Up the other side of the Pond Border there are the four sisters. There are some snowdrops bought from Easton Walled Gardens in the center of the sisters' lawn. I live in hope that they will multiply eventually.
Further on up to the Dancing Lawn, which will be a sea of crocii and Narcissus cyclamineus in the Spring. It will, a veritable ocean! Well, a few anyway.
The grass in the Wild Garden is more scraggy. It does not get cut very often in the year as usually I let it grow long. For next year I am thinking of cutting it differently, more open space, less narrow paths. This is thought in progress. There are many Spring bulbs planted through this area, every year a few more snowdrops go in, daffodils, species tulips and now some muscari as well.
At the very top of the garden in the borderlands there is even scraggier grass. This part of the garden suffered greatly from the tree issues in the year. I want to reduce the amount of cow parsley that grows in this area. Even as I say this I can see the tufts of it coming up again for the Spring.
I was getting mower-happy as I went around the garden and even mowed the grassy knoll. This rarely gets cut, I sometimes attack it with some shears but I like to let it grow. I think it is good to let it grow as every summer it now attracts grasshoppers and I would not want them to be discouraged.
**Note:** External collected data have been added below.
lemma eps_explicit_basis_high_low:
  assumes i: "r \<le> i" "i < 2*r - 1" and j: "j < r"
  shows "eps_explicit r (vbas r i) (vbas r j) = epsb r i j"
proof -
  define k where "k = i - r"
  have k: "k + 1 < r" "i = r + k"
    using i by (auto simp: k_def)
  have vi: "vbas r i = {k, k + 1}" and vj: "vbas r j = {j, j + r}"
    using i j by (simp_all add: vbas_high vbas_low k_def)
  have "diag_defect r {k, k + 1} = {k, k + 1}" "diag_defect r {j, j + r} = {}"
    "right_half r {j, j + r} = {j}"
    using k j by (auto simp: diag_defect_def right_half_def vadd_def)
  then have "cocycle_exponent r (vbas r i) (vbas r j) = card ({k, k + 1} \<inter> {j})"
    unfolding cocycle_exponent_def vi vj by simp
  moreover have "vmul (vbas r i) (vbas r j) = {k, k + 1} \<inter> {j}"
    unfolding vi vj using k(1) by (auto simp: vmul_def)
  moreover have "wt r ({k, k + 1} \<inter> {j}) = int (card ({k, k + 1} \<inter> {j}))"
    using k by (intro wt_eq_card) auto
  ultimately show ?thesis
    using vbas_Ceven i j k(2) by (simp add: eps_explicit_def epsb_def power_int_of_nat)
qed

lemma eps_explicit_basis_high_high:
  assumes i: "r \<le> i" "i < 2*r - 1" and j: "r \<le> j" "j < 2*r - 1"
  shows "eps_explicit r (vbas r i) (vbas r j) = epsb r i j"
proof -
  define k l where "k = i - r" and "l = j - r"
  have kl: "k + 1 < r" "i = r + k" "l + 1 < r" "j = r + l"
    using i j by (auto simp: k_def l_def)
  have vi: "vbas r i = {k, k + 1}" and vj: "vbas r j = {l, l + 1}"
    using i j by (simp_all add: vbas_high k_def l_def)
  have "diag_defect r {k, k + 1} = {k, k + 1}" "diag_defect r {l, l + 1} = {l, l + 1}"
    "right_half r {l, l + 1} = {}"
    using kl by (auto simp: diag_defect_def right_half_def vadd_def)
  then have exp: "cocycle_exponent r (vbas r i) (vbas r j)
      = card (({k, k + 1} \<times> {l, l + 1}) \<inter> {(p, q). q < p})"
    unfolding cocycle_exponent_def vi vj by simp
  have eps: "eps_explicit r (vbas r i) (vbas r j) = (-1) ^ cocycle_exponent r (vbas r i) (vbas r j)"
    using vbas_Ceven i j by (simp add: eps_explicit_def)
  consider "k = l" | "k < l" | "k = l + 1" | "l + 1 < k"
    by linarith
  then show ?thesis
  proof cases
    case 1
    then have "({k, k + 1} \<times> {l, l + 1}) \<inter> {(p, q). q < p} = {(k + 1, k)}"
      by auto
    moreover have "wt r (vbas r i) = 2"
      unfolding vi using kl by (subst wt_eq_card) auto
    ultimately show ?thesis
      using 1 kl eps exp by (simp add: epsb_def)
  next
    case 2
    then have "({k, k + 1} \<times> {l, l + 1}) \<inter> {(p, q). q < p} = {}"
      by auto
    then show ?thesis
      using 2 kl eps exp by (simp add: epsb_def)
  next
    case 3
    then have "({k, k + 1} \<times> {l, l + 1}) \<inter> {(p, q). q < p} = {(l + 1, l), (l + 2, l), (l + 2, l + 1)}"
      by auto
    moreover have "vmul (vbas r i) (vbas r j) = {l + 1}"
      using 3 by (auto simp: vi vj vmul_def)
    moreover have "wt r {l + 1} = 1"
      using kl by (subst wt_eq_card) auto
    ultimately show ?thesis
      using 3 kl eps exp by (simp add: epsb_def)
  next
    case 4
    then have "({k, k + 1} \<times> {l, l + 1}) \<inter> {(p, q). q < p} = {k, k + 1} \<times> {l, l + 1}"
      by auto
    moreover have "card ({k, k + 1} \<times> {l, l + 1}) = 4"
      using 4 by (simp add: card_cartesian_product)
    moreover have "vmul (vbas r i) (vbas r j) = {}"
      using 4 by (auto simp: vi vj vmul_def)
    ultimately show ?thesis
      using 4 kl eps exp by (simp add: epsb_def wt_def wl_def wr_def)
  qed
qed

lemma eps_explicit_basis:
  assumes "i < 2*r - 1" "j < 2*r - 1"
  shows "eps_explicit r (vbas r i) (vbas r j) = epsb r i j"
  using assms eps_explicit_basis_low eps_explicit_basis_high_low eps_explicit_basis_high_high
  by (metis not_le)

inductive_set basis_span :: "nat \<Rightarrow> nat set set" for r where
  basis: "i < 2*r - 1 \<Longrightarrow> vbas r i \<in> basis_span r"
| vadd: "a \<in> basis_span r \<Longrightarrow> b \<in> basis_span r \<Longrightarrow> vadd a b \<in> basis_span r"

lemma basis_span_subset_Ceven: "basis_span r \<subseteq> Ceven r"
proof
  fix a assume "a \<in> basis_span r"
  then show "a \<in> Ceven r"
    by induction (auto intro: vbas_Ceven Ceven_vadd)
qed

lemma empty_in_basis_span: "r \<ge> 1 \<Longrightarrow> {} \<in> basis_span r"
  using basis_span.vadd[OF basis_span.basis basis_span.basis, of 0 r 0] by simp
I love the curve of the lawns as I look down across the Bermuda Triangle and down into the formal bowl of the Long Shoot. This shaping of the lawns and borders still makes me very happy. It has worked as I wanted and even though the border extensions created last Autumn still need further planting up, I think they have added positively to the development of the garden.
Despite the fact I have just shown you lots of pictures of grass, I am not really a great lover of the stuff. It sort of grows and sits there most of the time which is why I plant things through it. I do remove the odd weed, but not fanatically. I rarely rake it and have never aerated it, though I sometimes think about doing it. It is best described as neglected. Yet I do think its role as acting as a calming green foil of the rest of the garden is important and earns it its place.
Lawns are probably the most high maintenance plants you can grow and mine nags at me to be mowed throughout the growing season. So I am hoping the November cut is the last cut of this year. I look forward to a few months mowing rest and bulb emergence.